If you threaten departure, many vendors have special “Customer Retention” Departments.

Transfer over and savor the deals. At worst, snag higher a Internet speed and free airline miles.

I found one technique: “This is the most I’ll pay per month. You figure what it will take to get me there.”

Credit card conclusions

+ Accumulating airline miles is useless. You can never use them. My friend Lucas Mendes writes, “I agree with your daughter Claire. Very disappointed with airline miles cards and miles in general. I have 400.000 with Delta and can’t go anywhere. Lucas

+ Paying high annual fees will buy you a fancy metal credit card, but nothing much else.

+ Credit cards without annual fees and without fees on foreign transactions are the real deal.

+ Long live cash back.

+ American Express Blue Cash Preferred charges $95 a year and 2.6% on foreign transactions!

+ Costco’s card works if you shop there a lot. There’s no Costco close to where I live. Bummer.

+ The two best cards appear to be Fidelity Rewards Signature Card and Amazon Prime Rewards Visa Signature Card.

You can read a little more CNBC today. Click here and here. The pieces are not comprehensive. They are semi-useful.
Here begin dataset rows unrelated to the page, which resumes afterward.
(* c,d,e,f (indices 1..12), as in the paper, for k = 1..4:
   c_{4+k}=a_k, c_{8+k}=a_{4+k}, c_k=a_{8+k}; e_{8+k}=a_k, e_k=a_{4+k}, e_{4+k}=a_{8+k};
   d, f likewise with b. *)
definition shiftC :: "(nat \<Rightarrow> cvec) \<Rightarrow> nat \<Rightarrow> cvec" where
  "shiftC a m = (if m \<le> 4 then a (m + 8) else a (m - 4))"

definition shiftE :: "(nat \<Rightarrow> cvec) \<Rightarrow> nat \<Rightarrow> cvec" where
  "shiftE a m = (if m \<le> 8 then a (m + 4) else a (m - 8))"

(* Each row: (p, x, y) meaning x in column block p, y in column block p+1 (blocks 1..6). *)
definition U_rows :: "(nat \<Rightarrow> cvec) \<Rightarrow> (nat \<Rightarrow> cvec) \<Rightarrow> (nat \<times> cvec \<times> cvec) list" where
  "U_rows a b = (let c = shiftC a; d = shiftC b; e = shiftE a; f = shiftE b in
     [(1, a 1, b 1), (1, a 2, b 2),
      (3, c 1, d 1), (3, c 2, d 2),
      (5, e 1, f 1), (5, e 2, f 2),
      (1, a 3, b 3), (1, a 4, b 4),
      (3, c 3, d 3), (3, c 4, d 4),
      (5, e 3, f 3), (5, e 4, f 4), (5, e 5, f 5), (5, e 6, f 6),
      (1, a 5, b 5), (1, a 6, b 6),
      (3, c 5, d 5), (3, c 6, d 6),
      (5, e 7, f 7), (5, e 8, f 8),
      (1, a 7, b 7), (1, a 8, b 8),
      (3, c 7, d 7), (3, c 8, d 8), (3, c 9, d 9), (3, c 10, d 10),
      (5, e 9, f 9), (5, e 10, f 10),
      (1, a 9, b 9), (1, a 10, b 10),
      (3, c 11, d 11), (3, c 12, d 12),
      (5, e 11, f 11), (5, e 12, f 12),
      (1, a 11, b 11), (1, a 12, b 12)])"

definition U_mat :: "(nat \<Rightarrow> cvec) \<Rightarrow> (nat \<Rightarrow> cvec) \<Rightarrow> complex mat" where
  "U_mat a b = mat 36 36 (\<lambda>(r,col).
     (case U_rows a b ! r of (p, x, y) \<Rightarrow>
        if col div 6 + 1 = p then x (col mod 6 + 1)
        else if col div 6 + 1 = p + 1 then y (col mod 6 + 1)
        else 0))"

end

theory Submission
  imports Defs "Jordan_Normal_Form.Determinant"
begin

text \<open>Each row of \<open>U\<close> is a row \<open>(a\<^sub>k|b\<^sub>k)\<close> of \<open>M\<close>, padded with zeros into one of three
  pairs of adjacent column blocks, and every combination of block pair and row of \<open>M\<close> occurs
  exactly once; so rows of \<open>U\<close> in different block pairs are orthogonal and the others have
  the inner products of the rows of \<open>M\<close>. Reshuffling moves the entries of \<open>U\<close> so that each
  row of \<open>U\<^sup>R\<close> is, in the same way, a padded row of \<open>M\<^sub>R\<close>. The rows of \<open>U\<^sup>\<Gamma>\<close> have no such
  shape, but the inner product of two of them either vanishes or equals the inner product of
  two columns of \<open>M\<^sub>\<Gamma>\<close>.\<close>

lemma mult_adj_index:
  assumes "A \<in> carrier_mat n n" "i < n" "j < n"
  shows "(A * adj A) $$ (i, j) = (\<Sum>c<n. A $$ (i, c) * cnj (A $$ (j, c)))"
  using assms by (simp add: adj_def scalar_prod_def lessThan_atLeast0 row_def col_def)

lemma adj_mult_index:
  assumes "A \<in> carrier_mat n n" "i < n" "j < n"
  shows "(adj A * A) $$ (i, j) = (\<Sum>k<n. cnj (A $$ (k, i)) * A $$ (k, j))"
  using assms by (simp add: adj_def scalar_prod_def lessThan_atLeast0 row_def col_def)

lemma unitary_matI:
  assumes "A \<in> carrier_mat n n" "A * adj A = 1\<^sub>m n"
  shows "unitary_mat n A"
proof -
  have "adj A \<in> carrier_mat n n" using assms(1) by (simp add: adj_def)
  then show ?thesis using assms mat_mult_left_right_inverse unfolding unitary_mat_def by blast
qed

lemma unitary_mat_of_gram_pullback:
  assumes A: "A \<in> carrier_mat n n"
    and G: "\<And>i j. i < m \<Longrightarrow> j < m \<Longrightarrow> G i j = (if i = j then 1 else 0)"
    and \<sigma>: "\<And>r. r < n \<Longrightarrow> \<sigma> r < m"
    and inj: "inj_on (\<lambda>r. (\<tau> r, \<sigma> r)) {..<n}"
    and gram: "\<And>r s. r < n \<Longrightarrow> s < n \<Longrightarrow>
      (A * adj A) $$ (r, s) = (if \<tau> r = \<tau> s then G (\<sigma> r) (\<sigma> s) else 0)"
  shows "unitary_mat n A"
proof (rule unitary_matI[OF A], rule eq_matI)
  fix r s assume "r < dim_row (1\<^sub>m n)" "s < dim_col (1\<^sub>m n)"
  then have rs: "r < n" "s < n" by auto
  have "(\<tau> r = \<tau> s \<and> \<sigma> r = \<sigma> s) \<longleftrightarrow> r = s"
    using inj_onD[OF inj] rs by auto
  then show "(A * adj A) $$ (r, s) = 1\<^sub>m n $$ (r, s)"
    using gram[OF rs] G[OF \<sigma> \<sigma>] rs by auto
qed (use A in \<open>auto simp: adj_def\<close>)

lemma unitary_mat_mult_adj:
  "unitary_mat n A \<Longrightarrow> i < n \<Longrightarrow> j < n \<Longrightarrow> (A * adj A) $$ (i, j) = (if i = j then 1 else 0)"
  by (simp add: unitary_mat_def)

lemma unitary_mat_adj_mult:
  "unitary_mat n A \<Longrightarrow> i < n \<Longrightarrow> j < n \<Longrightarrow> (adj A * A) $$ (i, j) = (if i = j then 1 else 0)"
  by (simp add: unitary_mat_def)

lemma sum_lessThan_mult:
  fixes f :: "nat \<Rightarrow> 'a::comm_monoid_add"
  shows "(\<Sum>c<m*n. f c) = (\<Sum>J<m. \<Sum>L<n. f (n*J+L))"
proof -
  have "(\<Sum>c\<in>{J*n..<J*n+n}. f c) = (\<Sum>L<n. f (n*J+L))" for J
    using sum.shift_bounds_nat_ivl[of f 0 "J*n" n]
    by (simp add: lessThan_atLeast0 mult.commute add.commute)
  then show ?thesis
    by (simp add: sum.nat_group[symmetric])
qed

lemma sum_lessThan_6:
  fixes f :: "nat \<Rightarrow> 'a::comm_monoid_add"
  shows "(\<Sum>J<6. f J) = f 0 + f 1 + f 2 + f 3 + f 4 + f 5"
  by (simp add: eval_nat_numeral add.assoc)

lemma sum_lessThan_12:
  fixes f :: "nat \<Rightarrow> 'a::comm_monoid_add"
  shows "(\<Sum>k<12. f k) = f 0 + f 1 + f 2 + f 3 + f 4 + f 5 + f 6 + f 7 + f 8 + f 9 + f 10 + f 11"
  by (simp add: eval_nat_numeral add.assoc)

lemma all_lessThan_iff_list_all: "(\<forall>i<n. P i) \<longleftrightarrow> list_all P [0..<n]"
  by (auto simp: list_all_iff)

lemma inj_on_lessThan_if_distinct: "distinct (map f [0..<n]) \<Longrightarrow> inj_on f {..<n}"
  by (simp add: distinct_map lessThan_atLeast0)

definition inner6 :: "cvec \<Rightarrow> cvec \<Rightarrow> complex" where
  "inner6 x y = (\<Sum>L<6. x (Suc L) * cnj (y (Suc L)))"

lemma catrow_block:
  "h < 2 \<Longrightarrow> J < 6 \<Longrightarrow> catrow x y (6*h+J) = (if h = 0 then x else y) (Suc J)"
  by (auto simp: catrow_def less_2_cases_iff)

lemma catrow_inner: "(\<Sum>c<12. catrow x y c * cnj (catrow x' y' c)) = inner6 x x' + inner6 y y'"
  using sum_lessThan_mult[of "\<lambda>c. catrow x y c * cnj (catrow x' y' c)" 2 6]
  by (simp add: catrow_block inner6_def numeral_2_eq_2)

definition catrows_mat :: "(cvec \<times> cvec) list \<Rightarrow> complex mat" where
  "catrows_mat ps = mat12_of_rows (map (\<lambda>(x, y). catrow x y) ps)"

definition M_pairs :: "(nat \<Rightarrow> cvec) \<Rightarrow> (nat \<Rightarrow> cvec) \<Rightarrow> (cvec \<times> cvec) list" where
  "M_pairs a b = [(a 1, b 1), (a 2, b 2), (a 3, b 3), (a 4, b 4), (a 5, b 5), (a 6, b 6),
     (a 7, b 7), (a 8, b 8), (a 9, b 9), (a 10, b 10), (a 11, b 11), (a 12, b 12)]"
Don’t do stupid with your phone or your emails

Don’t open attachments — without checking with the sender.

Is the attachment legit?

Follow Harry’s Golden Rule:

When in doubt, throw it out.

Don’t open attachments from Saudi Princes. Especially ones with bone saws.

Don’t do stupid in the NYC subway

Everyone and their uncle is dropping their cell phones and Air Pods onto subway tracks.

People are jumping on the tracks, which is stupid — especially when the train is approaching.

It’s gotten so bad, I spied a fellow with one of these on the Columbus Circle station.

He’s paid by the MTA to pick up fallen junk safely. Apple Air Pods are dropping like flies onto the subway tracks. don’t wear them in the subway. Wear the cheaper corded ones.

Speech recognition on the iPhone is really good

Talking to your phone is much faster than typing with your fat fingers. The iPhone’s translation to typed words is almost flawless.

Keys:

+ Question mark. Say “question mark”

+ Comma. Say “comma”

+ Period. Say “full stop”

+ New line. Say “new line”

My favorite app is Captio. I dictate a note to myself and hit Send. I get my thoughts as an instant email. No addressing. No nothing.

Coco Gauff is still 15 and amazing

Here’s Coco beating Venus Williams. Look at her muscles and her concentration. Wow!

The Australia Open is playing on ESPN2 and The Tennis Channel.

Tasteless humor

The market is weak today. But this should help. Latest news:

I thought Republicans were conservative and believed in balanced budgets. I guess re-election is more important.